The FN5.7 is an interesting gun. Seems kind of specialized though (the ability of the 5.7 round penatrating body armor). But 5.7mm just a little bigger than a 22?  I think for duty use one of the major calibers (9,40,45) would seem to be a better stopper. If its to be carried in the car for when you need its penetration, I'd probably go with the standard 5.56 in a carbine AR, but you know your needs better than I do.


----------



## SFC JeffJ (Sep 17, 2006)

It wouldn't be for duty use.

Now that I'm working again, I'm going to be traveling abroad to some not so nice places.  I'm looking for a lil more range and penetration than a more conventional handgun round offers.  The high magazine capacity is a factor as well.

Jeff


----------



## arnisandyz (Sep 17, 2006)

gotcha...357sig and 10mm might  be options for you too.


----------



## SFC JeffJ (Sep 17, 2006)

I've thought about those.  I'm still undecided.  Some places it won't matter because I'll be allowed to carry a rifle or carbine, but other places I'll be restricted to a concealed handgun.

Got to use some grey matter before I make a decision.

Jeff


----------



## arnisandyz (Sep 18, 2006)

What kind of carbine/rifle are you bringing? Going light with an AR or something with more punch like a 308 M1A/FAL/HK91?


----------



## SFC JeffJ (Sep 18, 2006)

Depends on where I'm going.

Like this weekend, I'll be taking my M1A with me.  Mainly since it doesn't look as "military" with it's wooden stock.  Other places I'm sure I'll go with an AR type.

Jeff


----------



## arnisandyz (Sep 28, 2006)

Got my M&P 9mm yesterday!

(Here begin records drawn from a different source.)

lemma learns_properly_on_consistent:
  assumes learn: "learns_properly_on (realizable H) H eps P"
    and realizable: "realizable H (Sa @ Sb)" and small: "eps * real (length (Sa @ Sb)) < 1"
  obtains tr where "legal_run P Sa Sb" "halts_with P Sa Sb tr" "outp P tr \<in> H"
    "consistent (Sa @ Sb) (outp P tr)"
proof -
  obtain tr where run: "legal_run P Sa Sb" "halts_with P Sa Sb tr" "outp P tr \<in> H"
    and err: "loss (Sa @ Sb) (outp P tr) \<le> (INF f\<in>H. loss (Sa @ Sb) f) + eps"
    using learn realizable unfolding learns_properly_on_def by blast
  have "(INF f\<in>H. loss (Sa @ Sb) f) \<le> 0"
    using realizable loss_nonneg unfolding realizable_def by (auto intro!: cINF_lower2 bdd_belowI2)
  with err have "loss (Sa @ Sb) (outp P tr) \<le> eps" by simp
  from consistent_if_loss_small[OF this small] run that show ?thesis by blast
qed

section \<open>The hard class\<close>

definition base_point :: "nat \<Rightarrow> nat" where
  "base_point n = prod_encode (n, 0)"

definition extra_point :: "nat \<Rightarrow> nat \<Rightarrow> nat" where
  "extra_point n j = prod_encode (n, Suc j)"

definition pair_hyp :: "nat \<Rightarrow> nat \<Rightarrow> nat hyp" where
  "pair_hyp n j = (\<lambda>x. x = base_point n \<or> x = extra_point n j)"

definition hard_class :: "nat hyp set" where
  "hard_class = {pair_hyp n j | n j. j < n}"

lemma base_point_eq_iff [simp]: "base_point n = base_point m \<longleftrightarrow> n = m"
  unfolding base_point_def by (simp add: prod_encode_eq)

lemma extra_point_eq_iff [simp]: "extra_point n j = extra_point m i \<longleftrightarrow> n = m \<and> j = i"
  unfolding extra_point_def by (simp add: prod_encode_eq)

lemma base_point_neq_extra_point [simp]:
  "base_point n \<noteq> extra_point m j" "extra_point m j \<noteq> base_point n"
  unfolding base_point_def extra_point_def by (simp_all add: prod_encode_eq)

lemma pair_hyp_in_hard_class: "j < n \<Longrightarrow> pair_hyp n j \<in> hard_class"
  unfolding hard_class_def by blast
text \<open>Fix \<open>T\<^sub>0 \<ge> 0\<close> and let \<open>T \<ge> T\<^sub>0\<close>. Writing \<open>f = (f - d x) + d x\<close> in the running reward gives
  \<open>E[\<integral>\<^sub>0\<^sup>\<tau> f(X\<^sub>s) ds + g(X\<^sub>\<tau>)] = E[\<integral>\<^sub>0\<^sup>\<tau> (f(X\<^sub>s) - d x) ds] + d x E[\<tau>] + E[g(X\<^sub>\<tau>)]\<close> for \<open>\<tau> = min \<sigma> T\<close>.
  The last term is at most \<open>E \<zeta>\<^sup>+\<close>, and since \<open>d x < 0\<close>, \<open>d x E[min \<sigma> T] \<le> d x E[min \<sigma> T\<^sub>0]\<close>. Taking the
  liminf in \<open>T\<close> and using \<open>\<epsilon>\<close>-optimality of \<open>\<sigma>\<close> yields \<open>w(x) - \<epsilon> \<le> \<gamma>(x) + d x E[min \<sigma> T\<^sub>0] + E \<zeta>\<^sup>+\<close>;
  solving for \<open>E[min \<sigma> T\<^sub>0]\<close> and letting \<open>T\<^sub>0 \<rightarrow> \<infinity>\<close> (monotone convergence) gives the bound.
  Hypothesis (B) only serves to make \<open>g(X\<^sub>\<tau>)\<close> integrable.\<close>

lemma borel_measurable_right_continuous_process_at:
  fixes X :: "real \<Rightarrow> 'w \<Rightarrow> 'e::metric_space"
  assumes Xm: "\<And>t. t \<ge> 0 \<Longrightarrow> X t \<in> borel_measurable N"
    and rc: "\<And>\<omega> t. \<omega> \<in> space N \<Longrightarrow> t \<ge> 0 \<Longrightarrow> continuous (at_right t) (\<lambda>s. X s \<omega>)"
    and r[measurable]: "r \<in> borel_measurable N" and r_nonneg: "\<And>\<omega>. \<omega> \<in> space N \<Longrightarrow> r \<omega> \<ge> 0"
  shows "(\<lambda>\<omega>. X (r \<omega>) \<omega>) \<in> borel_measurable N"
proof -
  text \<open>Approximate \<open>r\<close> strictly from the right by grid points; at a grid point the process
    is measurable, and right-continuity of the paths gives the pointwise limit.\<close>
  define q where "q n \<omega> = (real (nat \<lfloor>real (Suc n) * r \<omega>\<rfloor>) + 1) / real (Suc n)" for n \<omega>
  have q_measurable: "(\<lambda>\<omega>. X (q n \<omega>) \<omega>) \<in> borel_measurable N" for n
  proof -
    have "(\<lambda>\<omega>. nat \<lfloor>real (Suc n) * r \<omega>\<rfloor>) \<in> N \<rightarrow>\<^sub>M count_space UNIV"
      by measurable
    then have "(\<lambda>\<omega>. (\<lambda>k::nat. X ((real k + 1) / real (Suc n))) (nat \<lfloor>real (Suc n) * r \<omega>\<rfloor>) \<omega>)
        \<in> borel_measurable N"
      by (rule measurable_compose_countable[rotated]) (rule Xm, simp)
    then show ?thesis by (simp add: q_def)
  qed
  show ?thesis
  proof (rule borel_measurable_LIMSEQ_metric[OF q_measurable])
    fix \<omega> assume \<omega>: "\<omega> \<in> space N"
    have q_bounds: "r \<omega> < q n \<omega> \<and> q n \<omega> \<le> r \<omega> + 1 / real (Suc n)" for n
    proof -
      define m where "m = real (Suc n)"
      have m: "m > 0" by (simp add: m_def)
      have q: "q n \<omega> = (of_int \<lfloor>m * r \<omega>\<rfloor> + 1) / m"
        using r_nonneg[OF \<omega>] by (simp add: q_def m_def)
      have fl: "of_int \<lfloor>m * r \<omega>\<rfloor> \<le> m * r \<omega>" "m * r \<omega> < of_int \<lfloor>m * r \<omega>\<rfloor> + 1"
        by linarith+
      have "r \<omega> < (of_int \<lfloor>m * r \<omega>\<rfloor> + 1) / m"
        using fl m by (simp add: field_simps)
      moreover have "(of_int \<lfloor>m * r \<omega>\<rfloor> + 1) / m \<le> r \<omega> + 1 / m"
        using fl m by (simp add: field_simps)
      ultimately show ?thesis by (simp add: q m_def)
    qed
    have upper_limit: "(\<lambda>n. r \<omega> + 1 / real (Suc n)) \<longlonglongrightarrow> r \<omega>"
      using tendsto_add[OF tendsto_const LIMSEQ_Suc[OF lim_1_over_n], of "r \<omega>"] by simp
    have "(\<lambda>n. q n \<omega>) \<longlonglongrightarrow> r \<omega>"
      by (rule tendsto_sandwich[OF _ _ tendsto_const upper_limit])
        (use q_bounds in \<open>auto intro!: always_eventually less_imp_le\<close>)
    then have "filterlim (\<lambda>n. q n \<omega>) (at_right (r \<omega>)) sequentially"
      by (rule tendsto_imp_filterlim_at_right) (use q_bounds in \<open>auto intro!: always_eventually\<close>)
    moreover have "((\<lambda>s. X s \<omega>) \<longlongrightarrow> X (r \<omega>) \<omega>) (at_right (r \<omega>))"
      using rc[OF \<omega> r_nonneg[OF \<omega>]] by (simp add: continuous_within)
    ultimately show "(\<lambda>n. X (q n \<omega>) \<omega>) \<longlonglongrightarrow> X (r \<omega>) \<omega>"
      by (rule filterlim_compose[rotated])
  qed
qed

This will be my IDPA SSP gun and IPSC production gun, when I'm not shooting my 1911s and general practice gun since I can load 9mm for so cheap.  Trigger was a little gritty compared to the model I dryfired at the shop, but I took some time and polished the contact points and it smoothed right up. I didn't do a full trigger job on it because I want to break it in first. I also removed the mag disconnect safety as well as the sear release lever. (SW put in a little lever to break the gun down without pulling the trigger). Gun takes down like a Sig or XD now. Swapped the mag release over to the other side (I'm a lefty) and took the litle bump off of the frame right in front of the mag release for a more positive engagement. Blacked out the rear sight and added a drop of dayglo paint to the front. Added skateboard tape to the front strap and on the top part of the right grip for the palm of my weakhand. Took it through some dryfire drills and I think I'm going to like this gun. Tried the different backstraps, medium works for me, but I'll try the other ones again when I actually shoot it. It feels like a comfortable 1911. (Imagine a 1911 that melted in your hand. The M&P has bumps and swells and recesses that really fill the hand well. Easily the best feeling handgun I've ever owned. Virtually no point of aim shift compared to my 1911, if anything its better! Front sight goes exactly where I look. So without even firing a shot, I think I'm going to like this gun. Taking it out this weekend to ring her out.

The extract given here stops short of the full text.